We see him loitering on the sidewalk opposite our driveway, or I’ll forget to lock the car and will discover a bouquet of magnolia flowers ripped off our trees disintegrating in the passenger seat. Then, whenever my husband, a very tall and muscular man, sees the stalker, he will go outside without a shirt on, holding his baseball bat loosely in his hand, and warn the stalker off in a voice so quiet it could only be terrifying, because there is nothing more frightening than when the extremely gentle among us, the peacemakers, are pushed until they snap.
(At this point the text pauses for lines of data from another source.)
lemma log_sum_integral_ge:
  fixes N :: "'x measure" and g w :: "'x \<Rightarrow> real" and c :: real
  defines "P \<equiv> integral\<^sup>L N g" and "S \<equiv> \<integral>x. g x * w x \<partial>N"
  assumes "integrable N g" "integrable N (\<lambda>x. g x * w x)"
    and "integrable N (\<lambda>x. g x * (w x * ln (w x / c)))"
    and g_nonneg: "\<And>x. 0 \<le> g x" and w_pos: "\<And>x. g x \<noteq> 0 \<Longrightarrow> 0 < w x"
    and "0 < c" and "0 < P" and "0 < S"
  shows "S * ln (S / (P * c)) \<le> (\<integral>x. g x * (w x * ln (w x / c)) \<partial>N)"
proof -
  \<comment> \<open>Gibbs' inequality pointwise, against the average ratio \<open>r = S/P\<close>\<close>
  define r where "r = S / P"
  have "0 < r"
    using assms by (simp add: r_def)
  have pointwise: "g x * w x * ln (r / c) + g x * w x - r * g x \<le> g x * (w x * ln (w x / c))" for x
  proof (cases "g x = 0")
    case False
    then have "0 < w x"
      by (rule w_pos)
    then have "w x * ln (r / c) + w x - r \<le> w x * ln (w x / c)"
      using mult_ln_le_mult_ln_self[of "w x" r] \<open>0 < r\<close> \<open>0 < c\<close> by (simp add: ln_div algebra_simps)
    then have "g x * (w x * ln (r / c) + w x - r) \<le> g x * (w x * ln (w x / c))"
      using g_nonneg by (intro mult_left_mono) auto
    then show ?thesis
      by (simp add: algebra_simps)
  qed simp
  have "S * ln (S / (P * c)) = S * ln (r / c) + S - r * P"
    using assms by (simp add: r_def field_simps)
  also have "\<dots> = (\<integral>x. g x * w x * ln (r / c) + g x * w x - r * g x \<partial>N)"
    using assms by simp
  also have "\<dots> \<le> (\<integral>x. g x * (w x * ln (w x / c)) \<partial>N)"
    using assms pointwise by (intro integral_mono) auto
  finally show ?thesis .
qed

lemma log_sum_integral_le:
  fixes N :: "'x measure" and g w :: "'x \<Rightarrow> real" and c W d :: real
  defines "P \<equiv> integral\<^sup>L N g" and "S \<equiv> \<integral>x. g x * w x \<partial>N"
  assumes "integrable N g" "integrable N (\<lambda>x. g x * w x)"
    and "integrable N (\<lambda>x. g x * (w x * ln (w x / c)))"
    and g_nonneg: "\<And>x. 0 \<le> g x"
    and w_bounds: "\<And>x. g x \<noteq> 0 \<Longrightarrow> 0 < w x \<and> w x \<le> W \<and> W - w x \<le> d"
    and "0 < c" and "0 < W" and "0 < P" and "0 < S"
  shows "(\<integral>x. g x * (w x * ln (w x / c)) \<partial>N) \<le> S * ln (S / (P * c)) + d * P"
proof -
  have below_W: "g x * (w x * ln (w x / c)) \<le> g x * w x * ln (W / c)" for x
  proof (cases "g x = 0")
    case False
    then have "0 < w x" "w x \<le> W"
      using w_bounds by blast+
    then have "w x * ln (w x / c) \<le> w x * ln (W / c)"
      using \<open>0 < c\<close> by (intro mult_left_mono) (auto simp: divide_right_mono)
    then show ?thesis
      using mult_left_mono[OF _ g_nonneg[of x]] by (simp add: mult.assoc)
  qed simp
  have gap: "g x * (W - w x) \<le> g x * d" for x
    using w_bounds[of x] g_nonneg[of x] by (cases "g x = 0") (auto intro: mult_left_mono)
  have "S * ln (W * P / S) \<le> W * P - S"
    using mult_left_mono[OF ln_le_minus_one[of "W * P / S"], of S] assms by (simp add: field_simps)
  also have "\<dots> = (\<integral>x. g x * (W - w x) \<partial>N)"
    using assms by (simp add: algebra_simps)
  also have "\<dots> \<le> (\<integral>x. g x * d \<partial>N)"
    using assms gap by (intro integral_mono) (auto simp: algebra_simps)
  also have "\<dots> = d * P"
    by (simp add: P_def)
  finally have W_excess: "S * ln (W / c) \<le> S * ln (S / (P * c)) + d * P"
    using assms by (simp add: ln_div ln_mult algebra_simps)
  have "(\<integral>x. g x * (w x * ln (w x / c)) \<partial>N) \<le> (\<integral>x. g x * w x * ln (W / c) \<partial>N)"
    using assms below_W by (intro integral_mono) auto
  also have "\<dots> = S * ln (W / c)"
    by (simp add: S_def)
  finally show ?thesis
    using W_excess by linarith
qed
lemma successively_differ_one_flip_walk:
  assumes "flip_order X Y ps"
  shows "successively differ_one (flip_walk X Y ps)"
  unfolding successively_conv_nth
proof (intro allI impI)
  fix m assume "Suc m < length (flip_walk X Y ps)"
  then have m: "m < length ps" by simp
  have "ps ! m \<notin> set (take m ps)" "ps ! m < length X" "X ! (ps ! m) \<noteq> Y ! (ps ! m)"
    using assms m nth_mem[OF m] distinct_take[of ps "Suc m"]
    by (auto simp: flip_order_def take_Suc_conv_app_nth)
  then show "differ_one (flip_walk X Y ps ! m) (flip_walk X Y ps ! Suc m)"
    using m by (simp add: nth_flip_walk take_Suc_conv_app_nth differ_one_override_word_insert)
qed

definition diff_positions :: "'a list \<Rightarrow> 'a list \<Rightarrow> nat list" where
  "diff_positions X Y = filter (\<lambda>k. X ! k \<noteq> Y ! k) [0..<length X]"

lemma set_diff_positions: "set (diff_positions X Y) = {k. k < length X \<and> X ! k \<noteq> Y ! k}"
  by (auto simp: diff_positions_def)

lemma diff_positions_eq_Nil_iff:
  "length X = length Y \<Longrightarrow> diff_positions X Y = [] \<longleftrightarrow> X = Y"
  unfolding set_empty[symmetric] set_diff_positions by (simp add: list_eq_iff_nth_eq)

lemma flip_order_diff_positions: "length X = length Y \<Longrightarrow> flip_order X Y (diff_positions X Y)"
  by (simp add: flip_order_def set_diff_positions) (simp add: diff_positions_def)

lemma length_diff_positions: "length (diff_positions X Y) \<le> length X"
  using length_filter_le[of _ "[0..<length X]"] by (simp add: diff_positions_def)

section \<open>Cyclic flip orders\<close>

lemma set_subset_insert_last_butlast: "set xs \<subseteq> insert (last xs) (set (butlast xs))"
  by (induction xs) auto

lemma sorted_wrt_take_drop:
  "sorted_wrt R xs \<Longrightarrow> x \<in> set (take m xs) \<Longrightarrow> y \<in> set (drop m xs) \<Longrightarrow> R x y"
  by (metis append_take_drop_id sorted_wrt_append)

definition cyclic_dist :: "nat \<Rightarrow> nat \<Rightarrow> nat \<Rightarrow> nat" where
  "cyclic_dist n i k = (if i < k then k - i else k + n - i)"

lemma cyclic_dist_rotate:
  assumes "i < n" "j < n" "k < n" "i \<noteq> j" "k \<noteq> i" "k \<noteq> j"
    and "cyclic_dist n i j < cyclic_dist n i k"
  shows "cyclic_dist n j k < cyclic_dist n j i"
  using assms by (auto simp: cyclic_dist_def split: if_splits)

definition cyclic_diff_positions :: "'a list \<Rightarrow> 'a list \<Rightarrow> nat \<Rightarrow> nat list" where
  "cyclic_diff_positions X Y i = filter (\<lambda>k. X ! k \<noteq> Y ! k) ([Suc i..<length X] @ [0..<Suc i])"

definition cyclic_flip_walk :: "'a list \<Rightarrow> 'a list \<Rightarrow> nat \<Rightarrow> 'a list list" where
  "cyclic_flip_walk X Y i = flip_walk X Y (cyclic_diff_positions X Y i)"

lemma set_cyclic_positions: "i < n \<Longrightarrow> set ([Suc i..<n] @ [0..<Suc i]) = {..<n}"
  by auto

lemma flip_order_cyclic_diff_positions:
  assumes "length X = length Y" "i < length X"
  shows "flip_order X Y (cyclic_diff_positions X Y i)"
proof -
  have "set (cyclic_diff_positions X Y i) = {k \<in> {..<length X}. X ! k \<noteq> Y ! k}"
    unfolding cyclic_diff_positions_def set_filter set_cyclic_positions[OF assms(2)] ..
  moreover have "distinct (cyclic_diff_positions X Y i)"
    by (auto simp: cyclic_diff_positions_def)
  ultimately show ?thesis
    using assms(1) by (auto simp: flip_order_def)
qed

lemma length_cyclic_diff_positions:
  assumes "i < length X"
  shows "length (cyclic_diff_positions X Y i) \<le> length X"
proof -
  have "length (cyclic_diff_positions X Y i) \<le> length ([Suc i..<length X] @ [0..<Suc i])"
    unfolding cyclic_diff_positions_def by (rule length_filter_le)
  with assms show ?thesis by simp
qed

lemma sorted_cyclic_diff_positions:
  assumes "i < length X"
  shows "sorted_wrt (\<lambda>k l. cyclic_dist (length X) i k < cyclic_dist (length X) i l)
           (cyclic_diff_positions X Y i)"
  unfolding cyclic_diff_positions_def
  by (intro sorted_wrt_filter)
     (use assms in \<open>auto simp: sorted_wrt_append cyclic_dist_def
        intro: sorted_wrt_mono_rel[OF _ sorted_wrt_upt]\<close>)

lemma cyclic_flip_walk_keeps_start:
  assumes "i < length X" "W \<in> set (butlast (cyclic_flip_walk X Y i))"
  shows "W ! i = X ! i"
proof -
  define xs where "xs = [Suc i..<length X] @ [0..<i]"
  define L where "L = cyclic_diff_positions X Y i"
  have L: "L = filter (\<lambda>k. X ! k \<noteq> Y ! k) xs @ (if X ! i \<noteq> Y ! i then [i] else [])"
    using assms(1) by (simp add: L_def xs_def cyclic_diff_positions_def)
  obtain m where "m < length L" and W: "W = override_word X Y (set (take m L))"
    using in_set_butlast_flip_walk assms(2) unfolding cyclic_flip_walk_def L_def by blast
  then have "set (take m L) \<subseteq> set xs"
    using set_take_subset[of m "filter (\<lambda>k. X ! k \<noteq> Y ! k) xs"] by (auto simp: L split: if_splits)
  then show ?thesis
    using assms(1) by (auto simp: W nth_override_word xs_def)
qed
(* Let $R$ be a commutative ring with $1\neq 0$, $S\subseteq R$ a multiplicatively closed subset, and $M$ a faithful $S$-strong comultiplication $R$-module. If $N$ is a submodule of $M$ with $N\ll^{S}M$, then there exist an ideal $I$ of $R$ with $I\leq^{S}_{e}R$ and $t\in S$ such that $t(0:_{M}I)\leq N\leq (0:_{M}I)$.
   Context: All rings are commutative with $1\neq 0$ and all modules are unital. A multiplicatively closed subset (m.c.s.) $S$ of $R$ is a subset with $0\notin S$, $1\in S$, and $ss'\in S$ for all $s,s'\in S$. For an ideal $I$ of $R$, $(0:_M I)=\{m\in M: Im=0\}$; $\mathrm{Ann}_R(X)=\{r\in R: rX=0\}$; $M$ is faithful if $\mathrm{Ann}_R(M)=0$. A submodule $N\leq M$ is $S$-small in $M$ ($N\ll^{S}M$) if for every submodule $L$ of $M$ and $s\in S$, $sM\leq N+L$ implies $tM\leq L$ for some $t\in S$. $N$ is $S$-essential in $M$ ($N\leq^{S}_{e}M$) if for every submodule $L$ of $M$ with $N\cap L=0$ there is $s\in S$ with $sL=0$; for ideals this is applied to $M=R$. $M$ is an $S$-comultiplication module if for each submodule $N$ of $M$ there exist $s\in S$ and an ideal $I$ of $R$ with $s(0:_M I)\subseteq N\subseteq (0:_M I)$. $M$ satisfies the $S$-double annihilator condition ($S$-DAC) if for each ideal $I$ of $R$ there is $s\in S$ with $s\,\mathrm{Ann}_R((0:_M I))\subseteq I$. $M$ is an $S$-strong comultiplication module if it is an $S$-comultiplication module satisfying the $S$-DAC. *)

theory Defs
  imports Main "HOL.Modules"
begin

(* R is the ring type 'a :: comm_ring_1 (so 1 \<noteq> 0); the module M is the whole
   type 'b, with scalar multiplication scale, assumed to satisfy module scale. *)

definition mcs :: "'a::comm_ring_1 set \<Rightarrow> bool" where
  "mcs S \<longleftrightarrow> 0 \<notin> S \<and> 1 \<in> S \<and> (\<forall>s\<in>S. \<forall>s'\<in>S. s * s' \<in> S)"

definition is_ideal :: "'a::comm_ring_1 set \<Rightarrow> bool" where
  "is_ideal I \<longleftrightarrow> module.subspace ((*) :: 'a \<Rightarrow> 'a \<Rightarrow> 'a) I"

definition submod :: "('a::comm_ring_1 \<Rightarrow> 'b::ab_group_add \<Rightarrow> 'b) \<Rightarrow> 'b set \<Rightarrow> bool" where
  "submod scale N \<longleftrightarrow> module.subspace scale N"

definition annM :: "('a::comm_ring_1 \<Rightarrow> 'b::ab_group_add \<Rightarrow> 'b) \<Rightarrow> 'a set \<Rightarrow> 'b set" where
  "annM scale I = {m. \<forall>r\<in>I. scale r m = 0}"

definition AnnR :: "('a::comm_ring_1 \<Rightarrow> 'b::ab_group_add \<Rightarrow> 'b) \<Rightarrow> 'b set \<Rightarrow> 'a set" where
  "AnnR scale X = {r. \<forall>x\<in>X. scale r x = 0}"

definition faithful :: "('a::comm_ring_1 \<Rightarrow> 'b::ab_group_add \<Rightarrow> 'b) \<Rightarrow> bool" where
  "faithful scale \<longleftrightarrow> AnnR scale UNIV = {0}"

definition smul_set :: "('a::comm_ring_1 \<Rightarrow> 'b::ab_group_add \<Rightarrow> 'b) \<Rightarrow> 'a \<Rightarrow> 'b set \<Rightarrow> 'b set" where
  "smul_set scale s X = scale s ` X"

definition S_small :: "('a::comm_ring_1 \<Rightarrow> 'b::ab_group_add \<Rightarrow> 'b) \<Rightarrow> 'a set \<Rightarrow> 'b set \<Rightarrow> bool" where
  "S_small scale S N \<longleftrightarrow>
     (\<forall>L s. submod scale L \<longrightarrow> s \<in> S \<longrightarrow>
        smul_set scale s UNIV \<subseteq> {n + l | n l. n \<in> N \<and> l \<in> L} \<longrightarrow>
        (\<exists>t\<in>S. smul_set scale t UNIV \<subseteq> L))"

definition S_essential_ideal :: "'a::comm_ring_1 set \<Rightarrow> 'a set \<Rightarrow> bool" where
  "S_essential_ideal S I \<longleftrightarrow>
     (\<forall>L. is_ideal L \<longrightarrow> I \<inter> L = {0} \<longrightarrow> (\<exists>s\<in>S. \<forall>l\<in>L. s * l = 0))"

definition S_comult :: "('a::comm_ring_1 \<Rightarrow> 'b::ab_group_add \<Rightarrow> 'b) \<Rightarrow> 'a set \<Rightarrow> bool" where
  "S_comult scale S \<longleftrightarrow>
     (\<forall>N. submod scale N \<longrightarrow>
        (\<exists>s\<in>S. \<exists>I. is_ideal I \<and> smul_set scale s (annM scale I) \<subseteq> N \<and> N \<subseteq> annM scale I))"

definition S_DAC :: "('a::comm_ring_1 \<Rightarrow> 'b::ab_group_add \<Rightarrow> 'b) \<Rightarrow> 'a set \<Rightarrow> bool" where
  "S_DAC scale S \<longleftrightarrow>
     (\<forall>I. is_ideal I \<longrightarrow> (\<exists>s\<in>S. (\<lambda>r. s * r) ` AnnR scale (annM scale I) \<subseteq> I))"

definition S_strong_comult :: "('a::comm_ring_1 \<Rightarrow> 'b::ab_group_add \<Rightarrow> 'b) \<Rightarrow> 'a set \<Rightarrow> bool" where
  "S_strong_comult scale S \<longleftrightarrow> S_comult scale S \<and> S_DAC scale S"

end

theory Submission
  imports Defs
begin

text \<open>By S-comultiplication, \<open>s (0 :\<^sub>M I) \<subseteq> N \<subseteq> (0 :\<^sub>M I)\<close> for some \<open>s \<in> S\<close> and ideal \<open>I\<close>;
  it remains to see that \<open>I\<close> is S-essential. Let \<open>L\<close> be an ideal with \<open>I \<inter> L = 0\<close>. Represent
  the submodule \<open>(0 :\<^sub>M I) + (0 :\<^sub>M L)\<close> as \<open>s' (0 :\<^sub>M J) \<subseteq> (0 :\<^sub>M I) + (0 :\<^sub>M L) \<subseteq> (0 :\<^sub>M J)\<close>.
  Then \<open>J\<close> annihilates both \<open>(0 :\<^sub>M I)\<close> and \<open>(0 :\<^sub>M L)\<close>, so by the S-DAC some \<open>v \<in> S\<close> maps
  \<open>J\<close> into \<open>I \<inter> L = 0\<close>; hence \<open>v M \<subseteq> (0 :\<^sub>M J)\<close> and \<open>s s' v M \<subseteq> N + (0 :\<^sub>M L)\<close>.
  S-smallness of \<open>N\<close> gives \<open>t M \<subseteq> (0 :\<^sub>M L)\<close>, i.e. \<open>t L\<close> annihilates \<open>M\<close>, and faithfulness
  yields \<open>t L = 0\<close>.\<close>

lemma mcs_mult: "mcs S \<Longrightarrow> a \<in> S \<Longrightarrow> b \<in> S \<Longrightarrow> a * b \<in> S"
  unfolding mcs_def by blast

lemma module_mult: "module ((*) :: 'a::comm_ring_1 \<Rightarrow> _)"
  by unfold_locales (auto simp: algebra_simps)

lemma is_ideal_iff: "is_ideal (I::'a::comm_ring_1 set) \<longleftrightarrow>
   0 \<in> I \<and> (\<forall>x\<in>I. \<forall>y\<in>I. x + y \<in> I) \<and> (\<forall>c. \<forall>x\<in>I. c * x \<in> I)"
  by (simp only: is_ideal_def module.subspace_def[OF module_mult])

context module
begin

lemma submod_iff: "submod scale N \<longleftrightarrow>
   0 \<in> N \<and> (\<forall>x\<in>N. \<forall>y\<in>N. x + y \<in> N) \<and> (\<forall>c. \<forall>x\<in>N. scale c x \<in> N)"
  by (simp only: submod_def subspace_def)

lemma submod_annM: "submod scale (annM scale I)"
  unfolding submod_iff
proof (intro conjI ballI allI)
  fix c x assume "x \<in> annM scale I"
  then have "scale c (scale r x) = 0" if "r \<in> I" for r
    using that unfolding annM_def by simp
  then show "scale c x \<in> annM scale I"
    unfolding annM_def by (simp add: mult.commute)
qed (auto simp: annM_def scale_right_distrib)

lemma submod_sum:
  assumes "submod scale N" and "submod scale L"
  shows "submod scale {n + l | n l. n \<in> N \<and> l \<in> L}"
  unfolding submod_iff
proof (intro conjI ballI allI)
  show "0 \<in> {n + l | n l. n \<in> N \<and> l \<in> L}"
    using assms unfolding submod_iff by force
next
  fix x y assume "x \<in> {n + l | n l. n \<in> N \<and> l \<in> L}" "y \<in> {n + l | n l. n \<in> N \<and> l \<in> L}"
  then obtain n l n' l' where "x = n + l" "y = n' + l'" "n \<in> N" "l \<in> L" "n' \<in> N" "l' \<in> L"
    by blast
  moreover have "x + y = (n + n') + (l + l')"
    using calculation by (simp add: ac_simps)
  ultimately show "x + y \<in> {n + l | n l. n \<in> N \<and> l \<in> L}"
    using assms unfolding submod_iff by blast
next
  fix c x assume "x \<in> {n + l | n l. n \<in> N \<and> l \<in> L}"
  then obtain n l where "x = n + l" "n \<in> N" "l \<in> L"
    by blast
  moreover have "scale c x = scale c n + scale c l"
    using calculation by (simp add: scale_right_distrib)
  ultimately show "scale c x \<in> {n + l | n l. n \<in> N \<and> l \<in> L}"
    using assms unfolding submod_iff by blast
qed

lemma faithful_annihilates:
  assumes "faithful scale" and "smul_set scale t UNIV \<subseteq> annM scale L" and "l \<in> L"
  shows "t * l = 0"
proof -
  have "scale (t * l) m = 0" for m
  proof -
    have "scale l (scale t m) = 0"
      using assms(2,3) unfolding smul_set_def annM_def by blast
    then show ?thesis
      by (simp add: mult.commute)
  qed
  then have "t * l \<in> AnnR scale UNIV"
    unfolding AnnR_def by blast
  then show ?thesis
    using assms(1) unfolding faithful_def by blast
qed

lemma smul_UNIV_subset_annM:
  assumes "\<forall>j\<in>J. v * j = 0"
  shows "smul_set scale v UNIV \<subseteq> annM scale J"
  using assms unfolding smul_set_def annM_def by (auto simp: mult.commute)

lemma S_DAC_disjoint_ideals:
  assumes "mcs S" and "S_DAC scale S" and "is_ideal I" and "is_ideal L" and "I \<inter> L = {0}"
    and "J \<subseteq> AnnR scale (annM scale I)" and "J \<subseteq> AnnR scale (annM scale L)"
  obtains v where "v \<in> S" and "\<forall>j\<in>J. v * j = 0"
proof -
  obtain s1 where "s1 \<in> S" and s1: "(\<lambda>r. s1 * r) ` AnnR scale (annM scale I) \<subseteq> I"
    using assms(2,3) unfolding S_DAC_def by blast
  obtain s2 where "s2 \<in> S" and s2: "(\<lambda>r. s2 * r) ` AnnR scale (annM scale L) \<subseteq> L"
    using assms(2,4) unfolding S_DAC_def by blast
  have "s1 * s2 * j = 0" if "j \<in> J" for j
  proof -
    have "s2 * (s1 * j) \<in> I"
      using s1 assms(3,6) that unfolding is_ideal_iff by blast
    moreover have "s1 * (s2 * j) \<in> L"
      using s2 assms(4,7) that unfolding is_ideal_iff by blast
    ultimately have "s1 * s2 * j \<in> I \<inter> L"
      by (simp add: ac_simps)
    then show ?thesis
      using assms(5) by blast
  qed
  then show ?thesis
    using that mcs_mult[OF assms(1) \<open>s1 \<in> S\<close> \<open>s2 \<in> S\<close>] by blast
qed

lemma S_comult_sum_annM_disjoint_ideals:
  assumes "mcs S" and "S_comult scale S" and "S_DAC scale S"
    and "is_ideal I" and "is_ideal L" and "I \<inter> L = {0}"
  obtains u where "u \<in> S"
    and "smul_set scale u UNIV \<subseteq> {a + b | a b. a \<in> annM scale I \<and> b \<in> annM scale L}"
proof -
  define K where "K = {a + b | a b. a \<in> annM scale I \<and> b \<in> annM scale L}"
  have "annM scale I \<subseteq> K" "annM scale L \<subseteq> K"
    unfolding K_def using submod_annM unfolding submod_iff by force+
  obtain s' J where "s' \<in> S" and K1: "smul_set scale s' (annM scale J) \<subseteq> K"
    and K2: "K \<subseteq> annM scale J"
    using assms(2) submod_sum[OF submod_annM submod_annM] unfolding S_comult_def K_def by blast
  have "J \<subseteq> AnnR scale (annM scale I)" "J \<subseteq> AnnR scale (annM scale L)"
    using \<open>annM scale I \<subseteq> K\<close> \<open>annM scale L \<subseteq> K\<close> K2 unfolding AnnR_def annM_def by blast+
  then obtain v where "v \<in> S" and "\<forall>j\<in>J. v * j = 0"
    by (rule S_DAC_disjoint_ideals[OF assms(1,3-6)])
  have "smul_set scale (s' * v) UNIV \<subseteq> K"
  proof (rule subsetI, unfold smul_set_def, elim imageE)
    fix y m assume "y = scale (s' * v) m"
    have "scale v m \<in> annM scale J"
      using smul_UNIV_subset_annM[OF \<open>\<forall>j\<in>J. v * j = 0\<close>] unfolding smul_set_def by blast
    then have "scale s' (scale v m) \<in> K"
      using K1 unfolding smul_set_def by blast
    then show "y \<in> K"
      using \<open>y = scale (s' * v) m\<close> by simp
  qed
  with mcs_mult[OF assms(1) \<open>s' \<in> S\<close> \<open>v \<in> S\<close>] show ?thesis
    unfolding K_def by (rule that)
qed

lemma S_small_comult_ideal_S_essential:
  assumes "mcs S" and "faithful scale" and "S_comult scale S" and "S_DAC scale S"
    and "S_small scale S N" and "is_ideal I" and "s \<in> S"
    and "smul_set scale s (annM scale I) \<subseteq> N"
  shows "S_essential_ideal S I"
  unfolding S_essential_ideal_def
proof (intro allI impI)
  fix L assume "is_ideal L" and "I \<inter> L = {0}"
  then obtain u where "u \<in> S"
    and u: "smul_set scale u UNIV \<subseteq> {a + b | a b. a \<in> annM scale I \<and> b \<in> annM scale L}"
    by (rule S_comult_sum_annM_disjoint_ideals[OF assms(1,3,4,6)])
  have "smul_set scale (s * u) UNIV \<subseteq> {n + l | n l. n \<in> N \<and> l \<in> annM scale L}"
  proof
    fix y assume "y \<in> smul_set scale (s * u) UNIV"
    then obtain m where "y = scale s (scale u m)"
      unfolding smul_set_def by auto
    moreover obtain a b where "scale u m = a + b" "a \<in> annM scale I" "b \<in> annM scale L"
      using u unfolding smul_set_def by blast
    ultimately have "y = scale s a + scale s b" "scale s a \<in> N" "scale s b \<in> annM scale L"
      using assms(8) submod_annM unfolding smul_set_def submod_iff
      by (auto simp: scale_right_distrib)
    then show "y \<in> {n + l | n l. n \<in> N \<and> l \<in> annM scale L}"
      by blast
  qed
  then obtain t where "t \<in> S" and "smul_set scale t UNIV \<subseteq> annM scale L"
    using assms(5) submod_annM mcs_mult[OF assms(1,7) \<open>u \<in> S\<close>] unfolding S_small_def by blast
  then show "\<exists>t\<in>S. \<forall>l\<in>L. t * l = 0"
    using faithful_annihilates[OF assms(2)] by blast
qed

end

theorem proposition2p4:
  fixes scale :: "'a::comm_ring_1 \<Rightarrow> 'b::ab_group_add \<Rightarrow> 'b"
    and S :: "'a set" and N :: "'b set"
  assumes "module scale"
    and "mcs S"
    and "faithful scale"
    and "S_strong_comult scale S"
    and "submod scale N"
    and "S_small scale S N"
  shows "\<exists>I t. is_ideal I \<and> S_essential_ideal S I \<and> t \<in> S \<and>
           smul_set scale t (annM scale I) \<subseteq> N \<and> N \<subseteq> annM scale I"
proof -
  have comult: "S_comult scale S" and dac: "S_DAC scale S"
    using assms(4) unfolding S_strong_comult_def by auto
  obtain s I where s: "s \<in> S" and I: "is_ideal I"
    and lower: "smul_set scale s (annM scale I) \<subseteq> N" and upper: "N \<subseteq> annM scale I"
    using comult assms(5) unfolding S_comult_def by blast
  have "S_essential_ideal S I"
    by (rule module.S_small_comult_ideal_S_essential[OF assms(1-3) comult dac assms(6) I s lower])
  with I s lower upper show ?thesis
    by blast
qed

end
The narrator is also a mother of two teenaged sons, almost adults. They're tall and muscular. They do their part in walking the dog in the nights so that she doesn't have to. The workmen in the house during this period provided some company and hopefully deference to the stalker lurking across the street. But that's not enough for her to feel safe. She's traumatized especially when she sees the stalker stalking her. She can't sleep, can't eat, and can't relax.
Then the narrator's worst nightmare came true. The stalker entered the house via an unlocked kitchen door. She froze. She had a ukulele in hand but couldn't even move to swing it at the stalker. Her older son was right there, and firmly told the stalker to leave.
And now, with this trespassing in the house and a witness, the family could finally take out a restraining order against the stalker. It is however, not the end of the story though. The stalker isn't incarcerated or dead. He would return again and again, and I only hope that the narrator will find the strength to fight him, physically.
In an interview with the magazine, the author was asked about American masculinity and toxic male and female chauvinism.
I was at Bread Loaf for a few days this past summer, and was sitting at dinner with the writers Carter Sickels and Emet North—both of whom have spent an enormous amount of time thinking about gender constructs and masculinity—and one of them asked me what it was like to be a feminist raising men in America. I said that I don’t think it’s possible to be anything but conflicted about it, if you’re paying any kind of attention. The first tiny seed of the story was planted then. Masculinity is a hell of a drug, served up with a heaping side of privilege and obliviousness, and I sometimes feel despair that maybe my sons aren’t really listening to me when I tell them that they have to be aware that their bodies are immediately seen as a threat by smaller, more vulnerable people; that they need to understand the insidious ways that misogyny lives in them (to be fair, it lives in all of us, unless we work hard against it); that they need to check themselves when they have the urge to immediately refute something a woman is saying because knee-jerk negging of women is built into American masculinity, even when what the women are saying is correct. They’re both good people who care about others, but I’m up against tens of thousands of years of male supremacy and normalized violence and domination. I have to keep on and hope for the best.